I’ve felt pretty miserable the past two days. Yesterday morning, I woke up at 1:30 – that’s right, 1:30 in the morning. I was painfully sick, and I couldn’t get back to sleep. I got up, had my morning devotions, read a book (not from a book -- a whole book), looked at some baseball sites on the Internet, read some more, went grocery shopping, even did some pushups and sit-ups. Finally, the morning came and I got Jada ready for day care. I trudged her to day care, trudged to work, trudged through work, and trudged home. My wife, who was feeling just as sick as I was, offered to take care of Jada through until bedtime so I could lie down. I was in bed before 6 and fitfully slept until past 6 the next morning.

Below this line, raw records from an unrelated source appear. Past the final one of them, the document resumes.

(* Let $(\hat A,\hat B)$ satisfy $\max\{\|\hat A-A_\star\|,\|\hat B-B_\star\|\}\le\varepsilon_\mathrm{m}$ and let $F\in\mathbb{S}^n_+$ satisfy $\|F-P_\star\|\le\varepsilon$. Assume $m\le n$, $R\succeq I$, $Q\succeq I$, $(A_\star,B_\star)$ stabilizable, $\|A_\star\|,\|B_\star\|,\|P_\star\|\le\Upsilon_\star$ with $\Upsilon_\star\ge\max\{1,\varepsilon_\mathrm{m}\}$, and $\Upsilon_\star\ge\varepsilon$. Then $K=\mathcal{K}_{\hat A,\hat B}(F)$ satisfies $$\|K-K_\star\|\le\frac{\Upsilon_\star^2(\sqrt{\|P_\star\|}+1)(3\varepsilon_\mathrm{m}+4\varepsilon)}{\underline{\sigma}(R)}.$$
   Context: $A_\star\in\mathbb{R}^{n\times n}$, $B_\star\in\mathbb{R}^{n\times m}$; weights $Q\in\mathbb{S}^n_+$, $R\in\mathbb{S}^m_{++}$; $\|\cdot\|$ spectral norm; $\underline{\sigma}$ smallest singular value. $S_B=BR^{-1}B^\top$; Riccati map $\mathcal{R}_{A,B}(P)=A^\top P(I+S_BP)^{-1}A+Q$. $\mathcal{K}_{A,B}(F)=(R+B^\top FB)^{-1}B^\top FA$. $P_\star$ is the unique positive definite solution of $P_\star=\mathcal{R}_{A_\star,B_\star}(P_\star)$, and $K_\star=\mathcal{K}_{A_\star,B_\star}(P_\star)$. *)

theory Defs
  imports "HOL-Analysis.Analysis"
begin

definition spec_norm :: "real^'m^'n \<Rightarrow> real" where
  "spec_norm M = onorm (\<lambda>x. M *v x)"

definition sigma_min :: "real^'n^'n \<Rightarrow> real" where
  "sigma_min M = Inf {norm (M *v x) | x. norm x = 1}"

definition sym_mat :: "real^'n^'n \<Rightarrow> bool" where
  "sym_mat M \<longleftrightarrow> transpose M = M"

definition psd :: "real^'n^'n \<Rightarrow> bool" where
  "psd M \<longleftrightarrow> sym_mat M \<and> (\<forall>x. 0 \<le> x \<bullet> (M *v x))"

definition pd :: "real^'n^'n \<Rightarrow> bool" where
  "pd M \<longleftrightarrow> sym_mat M \<and> (\<forall>x. x \<noteq> 0 \<longrightarrow> 0 < x \<bullet> (M *v x))"

definition cmat :: "real^'n^'n \<Rightarrow> complex^'n^'n" where
  "cmat M = (\<chi> i j. complex_of_real (M $ i $ j))"

definition is_eigenvalue :: "real^'n^'n \<Rightarrow> complex \<Rightarrow> bool" where
  "is_eigenvalue M z \<longleftrightarrow> (\<exists>v. v \<noteq> 0 \<and> cmat M *v v = z *s v)"

definition schur_stable :: "real^'n^'n \<Rightarrow> bool" where
  "schur_stable M \<longleftrightarrow> (\<forall>z. is_eigenvalue M z \<longrightarrow> cmod z < 1)"

definition stabilizable :: "real^'n^'n \<Rightarrow> real^'m^'n \<Rightarrow> bool" where
  "stabilizable A B \<longleftrightarrow> (\<exists>K :: real^'n^'m. schur_stable (A - B ** K))"

definition riccati :: "real^'n^'n \<Rightarrow> real^'m^'m \<Rightarrow> real^'n^'n \<Rightarrow> real^'m^'n \<Rightarrow> real^'n^'n \<Rightarrow> real^'n^'n" where
  "riccati Q R A B P =
     transpose A ** P ** matrix_inv (mat 1 + (B ** matrix_inv R ** transpose B) ** P) ** A + Q"

definition gain :: "real^'m^'m \<Rightarrow> real^'n^'n \<Rightarrow> real^'m^'n \<Rightarrow> real^'n^'n \<Rightarrow> real^'n^'m" where
  "gain R A B F = matrix_inv (R + transpose B ** F ** B) ** transpose B ** F ** A"

end

theory Submission
  imports Defs
begin

text \<open>
  Write \<open>K = gain R A_star B_star P_star\<close> and \<open>M = R + B_hat\<^sup>T F B_hat\<close>.
  The gain equation gives \<open>R K = B_star\<^sup>T P_star (A_star - B_star K)\<close>, hence
  \<open>M (gain R A_hat B_hat F - K) = B_hat\<^sup>T F (A_hat - B_hat K) - B_star\<^sup>T P_star (A_star - B_star K)\<close>,
  whose right-hand side is small by a three-term telescoping estimate. By the Woodbury identity
  the Riccati equation reads \<open>P_star = A_star\<^sup>T P_star (A_star - B_star K) + Q\<close>, so
  \<open>v\<^sup>T P_star v = v\<^sup>T Q v + (K v)\<^sup>T R (K v) + ((A_star - B_star K) v)\<^sup>T P_star ((A_star - B_star K) v)\<close>;
  with \<open>Q, R \<ge> I\<close> this bounds both \<open>K\<close> and the closed loop \<open>A_star - B_star K\<close> by
  \<open>sqrt \<parallel>P_star\<parallel>\<close>. Finally \<open>M \<ge> R\<close> gives \<open>sigma_min R * |x| \<le> |M x|\<close>.
\<close>

section \<open>Matrix algebra and the spectral norm\<close>

lemma inner_vector_matrix_mult: "(x::real^'a) \<bullet> (y v* A) = (A *v x) \<bullet> (y::real^'b)"
  by (metis dot_lmul_matrix inner_commute)
text \<open>
  (1) If \<open>ker V \<inter> im U = 0\<close>, then left multiplication by \<open>V\<close> does not change the kernel of any
  matrix whose image lies in \<open>im U\<close>. Multiplying by the vertices of a walk of \<open>G(R)\<close> one after
  the other therefore preserves kernels while moving images. Walking from \<open>B\<close> to \<open>A\<close> and back
  yields \<open>D A C\<close> with the kernel of \<open>B\<close> and image inside \<open>im B\<close>, and rank--nullity forces
  equality of the images.

  (2) Fix \<open>J\<close> with \<open>|J| = r\<close>. To a matrix \<open>A\<close> of rank \<open>r\<close> attach the alternating \<open>r\<close>-form
  \<open>F\<^sub>A(x) = det(x\<^sub>1, \<dots>, x\<^sub>r, w\<^sub>1, \<dots>, w\<^sub>d\<^sub>-\<^sub>r)\<close>, where the \<open>w\<^sub>i\<close> form a basis of \<open>ker A\<close>.
  On a basis of \<open>im B\<close> it is nonzero iff \<open>ker A \<inter> im B = 0\<close>, i.e. iff \<open>B \<rightarrow> A\<close> is an edge.
  Choose one matrix from each component of rank \<open>r\<close>; complete pseudo-regularity puts a loop at
  each of them, and ordering the components by repeatedly removing a sink of the condensation
  makes the matrix \<open>(F\<^sub>A(basis of im B))\<close> triangular with nonzero diagonal. So the \<open>F\<^sub>A\<close>
  are linearly independent in the space of alternating \<open>r\<close>-forms on \<open>K\<^sup>d\<close>, which has
  dimension \<open>d choose r\<close>.
\<close>

section \<open>Image, kernel and rank\<close>

lemma subspace_mim: "vec.subspace (mim A)"
  unfolding mim_def using vec.linear_subspace_image[OF matrix_vector_mul_linear_gen vec.subspace_UNIV]
  by simp

lemma subspace_mker: "vec.subspace (mker A)"
  unfolding mker_def by (rule vec.subspace_kernel)

lemma in_mker_iff [simp]: "x \<in> mker A \<longleftrightarrow> A *v x = 0"
  by (simp add: mker_def)

lemma mult_in_mim [simp]: "A *v x \<in> mim A"
  by (simp add: mim_def)

lemma mim_mult_subset: "mim (A ** B) \<subseteq> mim A"
  for A B :: "'a::field^'n^'n"
  by (auto simp: mim_def simp flip: matrix_vector_mul_assoc)
(* Let $f:\mathbb{R}^n\times\mathbb{R}^m\to\mathbb{R}$ and $g:\mathbb{R}^n\times\mathbb{R}^m\to\mathbb{R}^p$ be continuous. Assume that for every $x\in\mathbb{R}^n$, $f(x,\cdot)$ is strictly convex, $g(x,\cdot)$ is convex (componentwise), and the problem $\min_{u\in\mathbb{R}^m} f(x,u)$ subject to $g(x,u)\le 0$ has at least one minimizer; let $u^*(x)$ denote the (unique) minimizer. Then, for $x_0\in\mathbb{R}^n$, $u^*$ is locally bounded at $x_0$ if and only if local compact feasibility holds at $x_0$.
   Context: Local compact feasibility (LCF) holds at $x\in\mathbb{R}^n$ if there exist a compact set $K\subset\mathbb{R}^m$ and $\delta>0$ such that for all $y\in\mathbb{R}^n$ with $\|y-x\|<\delta$ there exists $u\in K$ with $g(y,u)\le 0$. A function $\varphi:\mathbb{R}^n\to\mathbb{R}^q$ is locally bounded at $x_0$ if there are a neighborhood $\breve{\mathcal{U}}$ of $x_0$ and $B>0$ with $\|\varphi(x)\|\le B$ for all $x\in\breve{\mathcal{U}}$. *)

theory Defs
  imports "HOL-Analysis.Analysis"
begin

definition strictly_convex_on :: "'a::real_vector set \<Rightarrow> ('a \<Rightarrow> real) \<Rightarrow> bool" where
  "strictly_convex_on S h \<longleftrightarrow> convex S \<and>
     (\<forall>x\<in>S. \<forall>y\<in>S. \<forall>t::real. x \<noteq> y \<and> 0 < t \<and> t < 1 \<longrightarrow>
        h ((1 - t) *\<^sub>R x + t *\<^sub>R y) < (1 - t) * h x + t * h y)"

definition feasible :: "('n \<Rightarrow> 'm \<Rightarrow> real^'p) \<Rightarrow> 'n \<Rightarrow> 'm \<Rightarrow> bool" where
  "feasible g x u \<longleftrightarrow> (\<forall>i. g x u $ i \<le> 0)"

definition is_minimizer :: "('n \<Rightarrow> 'm \<Rightarrow> real) \<Rightarrow> ('n \<Rightarrow> 'm \<Rightarrow> real^'p) \<Rightarrow> 'n \<Rightarrow> 'm \<Rightarrow> bool" where
  "is_minimizer f g x u \<longleftrightarrow> feasible g x u \<and> (\<forall>v. feasible g x v \<longrightarrow> f x u \<le> f x v)"

definition ustar :: "('n \<Rightarrow> 'm \<Rightarrow> real) \<Rightarrow> ('n \<Rightarrow> 'm \<Rightarrow> real^'p) \<Rightarrow> 'n \<Rightarrow> 'm" where
  "ustar f g x = (THE u. is_minimizer f g x u)"

definition LCF :: "('n::metric_space \<Rightarrow> 'm::metric_space \<Rightarrow> real^'p) \<Rightarrow> 'n \<Rightarrow> bool" where
  "LCF g x \<longleftrightarrow> (\<exists>K \<delta>. compact K \<and> \<delta> > 0 \<and>
      (\<forall>y. dist y x < \<delta> \<longrightarrow> (\<exists>u\<in>K. feasible g y u)))"

definition locally_bounded_at :: "('a::topological_space \<Rightarrow> 'b::real_normed_vector) \<Rightarrow> 'a \<Rightarrow> bool" where
  "locally_bounded_at \<phi> x0 \<longleftrightarrow> (\<exists>U B. open U \<and> x0 \<in> U \<and> B > 0 \<and> (\<forall>x\<in>U. norm (\<phi> x) \<le> B))"

end

theory Submission
  imports Defs
begin
(* Let $M\ge 2$ and let $\mathfrak{e}=\{\mathbf{e}_1,\dots,\mathbf{e}_M\}$ be an arbitrary (not necessarily orthonormal) basis of the Euclidean space $\mathbb{R}^M$, with metric tensor $g_{ij}=(\mathbf{e}_i\cdot\mathbf{e}_j)$. Let $\boldsymbol{n}=\sum_{j=1}^M \mathbf{e}_j n^j$ be a unit vector, let $\Upsilon=\{\mathbf{r}:\mathbf{r}\cdot\boldsymbol{n}=0\}$ be the hyperplane orthogonal to it, bounding the half-space $\mathbb{R}^{M+}=\{\mathbf{r}:\mathbf{r}\cdot\boldsymbol{n}>0\}$. Let $D^{ij}$ be the components in the basis $\mathfrak{e}$ of a symmetric positive definite contravariant $2$-tensor (the diffusion tensor), i.e. $\mathbf{D}=\sum_{i,j}D^{ij}\mathbf{e}_i\otimes\mathbf{e}_j$, and set $D^i_j=\sum_{k}D^{ik}g_{kj}$ and $D_{ij}=\sum_{k,p}g_{ik}g_{jp}D^{kp}$. Define $$\omega=\Big[\sum_{i,j,p,k=1}^M g_{ij}D^i_pD^j_k n^p n^k\Big]^{1/2}.$$ Then there exists a basis $\mathfrak{b}=\mathfrak{b}_\Upsilon\cup\{\boldsymbol{b}_M\}$ of $\mathbb{R}^M$ with the following properties. (1) $\mathfrak{b}_\Upsilon=\{\mathbf{b}_1,\dots,\mathbf{b}_{M-1}\}$ is an orthonormal basis of $\Upsilon$, and $\boldsymbol{b}_M$ is the unit vector, not lying in $\Upsilon$, given by $$\boldsymbol{b}_M=\frac1\omega\sum_{i,j=1}^M \mathbf{e}_i D^i_j n^j .$$ (2) In the basis $\mathfrak{b}$ the diffusion tensor is diagonal: writing $\mathbf{D}=\sum_{i,j}\tilde D^{ij}\mathbf{b}_i\otimes\mathbf{b}_j$ (with $\mathbf{b}_M:=\boldsymbol{b}_M$), one has $\tilde D^{ij}=\mathcal{D}_i\delta_{ij}$ with all $\mathcal{D}_i>0$, and $$\mathcal{D}_M=\omega^2\Big[\sum_{i,j=1}^M D_{ij}n^in^j\Big]^{-1}.$$ (3) Suppose in addition that the initial basis has the form $\mathfrak{e}=\mathfrak{e}_\Upsilon\cup\{\boldsymbol{n}\}$, i.e. $\mathbf{e}_M=\boldsymbol{n}$ and $\mathfrak{e}_\Upsilon=\{\mathbf{e}_1,\dots,\mathbf{e}_{M-1}\}$ is a basis of $\Upsilon$. Let $u^\alpha_{\ \beta}$ ($\alpha,\beta=1,\dots,M-1$) be the invertible matrix defined by $\mathbf{e}_\alpha=\sum_{\beta=1}^{M-1}\mathbf{b}_\beta u^\beta_{\ \alpha}$, and let $\breve u^\alpha_{\ \beta}$ be its inverse, $\sum_{\gamma}\breve u^\alpha_{\ \gamma}u^\gamma_{\ \beta}=\delta^\alpha_\beta$. Then $D^{MM}>0$, and for every $\mathbf{r}\in\mathbb{R}^M$ written as $$\mathbf{r}=\sum_{\gamma=1}^{M-1}\mathbf{e}_\gamma x^\gamma+\boldsymbol{n}x^M=\sum_{\gamma=1}^{M-1}\mathbf{b}_\gamma\zeta^\gamma+\boldsymbol{b}_M\zeta^M$$ the coordinates satisfy $$\zeta^\alpha=\sum_{\gamma=1}^{M-1}u^\alpha_{\ \gamma}\Big(x^\gamma-\frac{D^{\gamma M}}{D^{MM}}x^M\Big),\qquad \zeta^M=\frac{\omega}{D^{MM}}x^M,$$ $$x^\alpha=\sum_{\gamma=1}^{M-1}\breve u^\alpha_{\ \gamma}\zeta^\gamma+\frac{D^{\alpha M}}{\omega}\zeta^M,\qquad x^M=\frac{D^{MM}}{\omega}\zeta^M,$$ and moreover, for all $\alpha,\beta=1,\dots,M-1$, $$\sum_{\gamma=1}^{M-1}\breve u^\alpha_{\ \gamma}\breve u^\beta_{\ \gamma}\mathcal{D}_\gamma=D^{\alpha\beta}-\frac{D^{\alpha M}D^{\beta M}}{D^{MM}}.$$
   Context: Components of vectors are upper-indexed: a vector $\mathbf{r}$ has components $x^i$ in the basis $\mathfrak{e}$ if $\mathbf{r}=\sum_i\mathbf{e}_ix^i$. Tensor components in a new basis are obtained by the standard contravariant transformation rule, so that $\mathbf{D}=\sum D^{ij}\mathbf{e}_i\otimes\mathbf{e}_j=\sum\tilde D^{ij}\mathbf{b}_i\otimes\mathbf{b}_j$ describe the same tensor. Greek indices run over $1,\dots,M-1$ (directions in the hyperplane $\Upsilon$), Latin indices over $1,\dots,M$. *)

theory Defs
  imports "HOL-Analysis.Analysis"
begin

text \<open>Vectors of the Euclidean space R^M are elements of real^'n with M = CARD('n).
  Bases and index families are functions on nat, used on the index set {1..M}.\<close>

definition is_basis :: "nat \<Rightarrow> (nat \<Rightarrow> real^'n) \<Rightarrow> bool" where
  "is_basis M e \<longleftrightarrow> inj_on e {1..M} \<and> independent (e ` {1..M}) \<and> span (e ` {1..M}) = UNIV"

text \<open>Tensor product of two vectors, as a matrix of components in the standard basis.\<close>
definition tprod :: "real^'n \<Rightarrow> real^'n \<Rightarrow> real^'n^'n" where
  "tprod x y = (\<chi> a c. x $ a * y $ c)"

definition gmet :: "(nat \<Rightarrow> real^'n) \<Rightarrow> nat \<Rightarrow> nat \<Rightarrow> real" where
  "gmet e i j = e i \<bullet> e j"

definition Dmix :: "nat \<Rightarrow> (nat \<Rightarrow> real^'n) \<Rightarrow> (nat \<Rightarrow> nat \<Rightarrow> real) \<Rightarrow> nat \<Rightarrow> nat \<Rightarrow> real" where
  "Dmix M e D i j = (\<Sum>k\<in>{1..M}. D i k * gmet e k j)"

definition Dlow :: "nat \<Rightarrow> (nat \<Rightarrow> real^'n) \<Rightarrow> (nat \<Rightarrow> nat \<Rightarrow> real) \<Rightarrow> nat \<Rightarrow> nat \<Rightarrow> real" where
  "Dlow M e D i j = (\<Sum>k\<in>{1..M}. \<Sum>p\<in>{1..M}. gmet e i k * gmet e j p * D k p)"

definition omega :: "nat \<Rightarrow> (nat \<Rightarrow> real^'n) \<Rightarrow> (nat \<Rightarrow> nat \<Rightarrow> real) \<Rightarrow> (nat \<Rightarrow> real) \<Rightarrow> real" where
  "omega M e D nc = sqrt (\<Sum>i\<in>{1..M}. \<Sum>j\<in>{1..M}. \<Sum>p\<in>{1..M}. \<Sum>k\<in>{1..M}.
      gmet e i j * Dmix M e D i p * Dmix M e D j k * nc p * nc k)"

end

theory Submission
  imports Defs
begin

(* Let T be the matrix of the diffusion tensor; it is symmetric positive definite, and so is its
   inverse. The hyperplane Y orthogonal to n has an orthonormal basis b_1, ..., b_(M-1) that is also
   orthogonal for the quadratic form of T^-1: maximize the form on the unit sphere of a subspace and
   recurse on the orthogonal complement of the maximizer. Adding b_M = T n / |T n| keeps the basis
   T^-1-orthogonal, because T^-1 b_M is a multiple of n. A T^-1-orthogonal basis diagonalizes T, with
   coefficients 1 / (b_i . T^-1 b_i); for i = M this is |T n|^2 / (n . T n).

   When e_M = n and the other e_a lie in Y, T n = sum_i D^iM e_i and n . T n = D^MM. Taking inner
   products with n relates x^M and zeta^M; removing the b_M-part leaves a vector of Y whose
   coordinates are converted by u. Applied to r = b_g, these formulas give the e-coordinates of b_g,
   and inserting them into the transformation rule D^ab = sum_i Dc_i (b_i)^a (b_i)^b gives the last
   identity, the term i = M contributing D^aM D^bM / D^MM. *)

lemma linear_le_quadratic_imp_zero:
  fixes c K :: real
  assumes "\<And>t. 2 * t * c \<le> t\<^sup>2 * K"
  shows "c = 0"
proof (rule ccontr)
  assume "c \<noteq> 0"
  define a where "a = \<bar>K\<bar> + 1"
  have "a > 0" by (simp add: a_def add_pos_nonneg)
  have "2 * (c / a) * c * a\<^sup>2 \<le> (c / a)\<^sup>2 * K * a\<^sup>2"
    by (rule mult_right_mono[OF assms]) simp
  also have "2 * (c / a) * c * a\<^sup>2 = 2 * c\<^sup>2 * a"
    using \<open>a > 0\<close> by (simp add: power2_eq_square)
  also have "(c / a)\<^sup>2 * K * a\<^sup>2 = c\<^sup>2 * K"
    using \<open>a > 0\<close> by (simp add: power_divide)
  also have "c\<^sup>2 * K < c\<^sup>2 * a"
    using \<open>c \<noteq> 0\<close> by (simp add: a_def)
  finally have "c\<^sup>2 * (2 * a) < c\<^sup>2 * a" by (simp add: mult_ac)
  then show False
    using \<open>a > 0\<close> \<open>c \<noteq> 0\<close> by simp
qed

lemma delta_mult_simps:
  "(if P then 1 else 0) * x = (if P then x else 0)"
  "x * (if P then 1 else 0) = (if P then x else 0)"
  "(if P then x else 0) * y = (if P then x * y else 0)"
  "y * (if P then x else 0) = (if P then y * x else 0)"
  "(if P then x else 0) *\<^sub>R w = (if P then x *\<^sub>R w else 0)"
  for x y :: real and w :: "'a::real_vector"
  by simp_all

lemma sum_split_last: "0 < M \<Longrightarrow> (\<Sum>i\<in>{1..M}. g i) = (\<Sum>i\<in>{1..M-1}. g i) + g M" for M :: nat
proof -
  assume "0 < M"
  then have split: "{1..M} = insert M {1..M-1}" "M \<notin> {1..M-1}" by auto
  show ?thesis unfolding split(1) using split(2) by (simp add: add.commute)
qed

section \<open>Orthonormal bases diagonalizing a self-adjoint map on a subspace\<close>

lemma self_adjoint_maximizer_orthogonal:
  fixes f :: "'a::real_inner \<Rightarrow> 'a"
  assumes lin: "linear f" and adj: "\<And>x y. f x \<bullet> y = x \<bullet> f y" and S: "subspace S"
    and x0: "x0 \<in> S" "norm x0 = 1"
    and bound: "\<And>z. z \<in> S \<Longrightarrow> z \<bullet> f z \<le> (x0 \<bullet> f x0) * (z \<bullet> z)"
    and y: "y \<in> S" "x0 \<bullet> y = 0"
  shows "y \<bullet> f x0 = 0"
proof (rule linear_le_quadratic_imp_zero)
  interpret linear f by (fact lin)
  fix t :: real
  have "x0 + t *\<^sub>R y \<in> S" using S x0(1) y(1) by (simp add: subspace_add subspace_scale)
  then have "(x0 + t *\<^sub>R y) \<bullet> f (x0 + t *\<^sub>R y) \<le> (x0 \<bullet> f x0) * ((x0 + t *\<^sub>R y) \<bullet> (x0 + t *\<^sub>R y))"
    by (rule bound)
  moreover have "x0 \<bullet> x0 = 1" using x0(2) by (simp add: norm_eq_1)
  ultimately show "2 * t * (y \<bullet> f x0) \<le> t\<^sup>2 * ((x0 \<bullet> f x0) * (y \<bullet> y) - y \<bullet> f y)"
    using adj[of x0 y] y(2)
    by (simp add: add scale inner_add_left inner_add_right inner_commute power2_eq_square algebra_simps)
qed

lemma quadratic_form_attains_max_on_subspace:
  fixes f :: "'a::euclidean_space \<Rightarrow> 'a"
  assumes lin: "linear f" and S: "subspace S" "S \<noteq> {0}"
  obtains x0 where "x0 \<in> S" "norm x0 = 1" "\<And>z. z \<in> S \<Longrightarrow> z \<bullet> f z \<le> (x0 \<bullet> f x0) * (z \<bullet> z)"
proof -
  interpret linear f by (fact lin)
  let ?q = "\<lambda>x. x \<bullet> f x"
  let ?K = "sphere 0 1 \<inter> S"
  obtain s where s: "s \<in> S" "s \<noteq> 0" using S subspace_0 by blast
  have "s /\<^sub>R norm s \<in> ?K" using s S(1) by (auto simp: subspace_scale)
  moreover have "compact ?K" by (intro compact_Int_closed compact_sphere closed_subspace S)
  moreover have "continuous_on ?K ?q"
    using lin by (intro continuous_intros linear_continuous_on) (simp add: linear_conv_bounded_linear)
  ultimately obtain x0 where x0: "x0 \<in> ?K" "\<And>y. y \<in> ?K \<Longrightarrow> ?q y \<le> ?q x0"
    using continuous_attains_sup[of ?K ?q] by blast
  have "?q z \<le> ?q x0 * (z \<bullet> z)" if "z \<in> S" for z
  proof (cases "z = 0")
    case False
    then have "?q (z /\<^sub>R norm z) \<le> ?q x0" using that S(1) by (intro x0(2)) (simp add: subspace_scale)
    then show ?thesis using False by (simp add: scale field_simps power2_eq_square dot_square_norm)
  qed (simp add: zero)
  with x0(1) that show ?thesis by auto
qed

Today, I felt even worse at work. Jada spent the day at home, so I didn’t think I could count on Amy taking my evening responsibilities on for a second night, but sure enough, just as I got to our front door, she and Jada were leaving for a walk – Amy said she’d be out for an hour, so I could rest a bit. What a saint she is. She closed the door behind her and I trudged upstairs to shed my work clothes, have some semblance of dinner even though I had no appetite, and wallow in the pain of my headache and sinus pressure and drippy nose.
The two of them got home an hour later, and I met them downstairs. Jada puttered towards me with a big grin on her face. Amy reported to me that she had been a good mood all day. It was a breath of fresh air, given how worn down I’d felt and how fussy she’d been all week. I played with her for a few minutes, got her ready for bed, and then kissed her goodnight and put her in her crib for the night.
Even now as I write, I feel awful. But because my little dumpling was in a good mood today and because she shared that happiness with me, even for just a few moments, I can kind of have a bit of a smile on my face.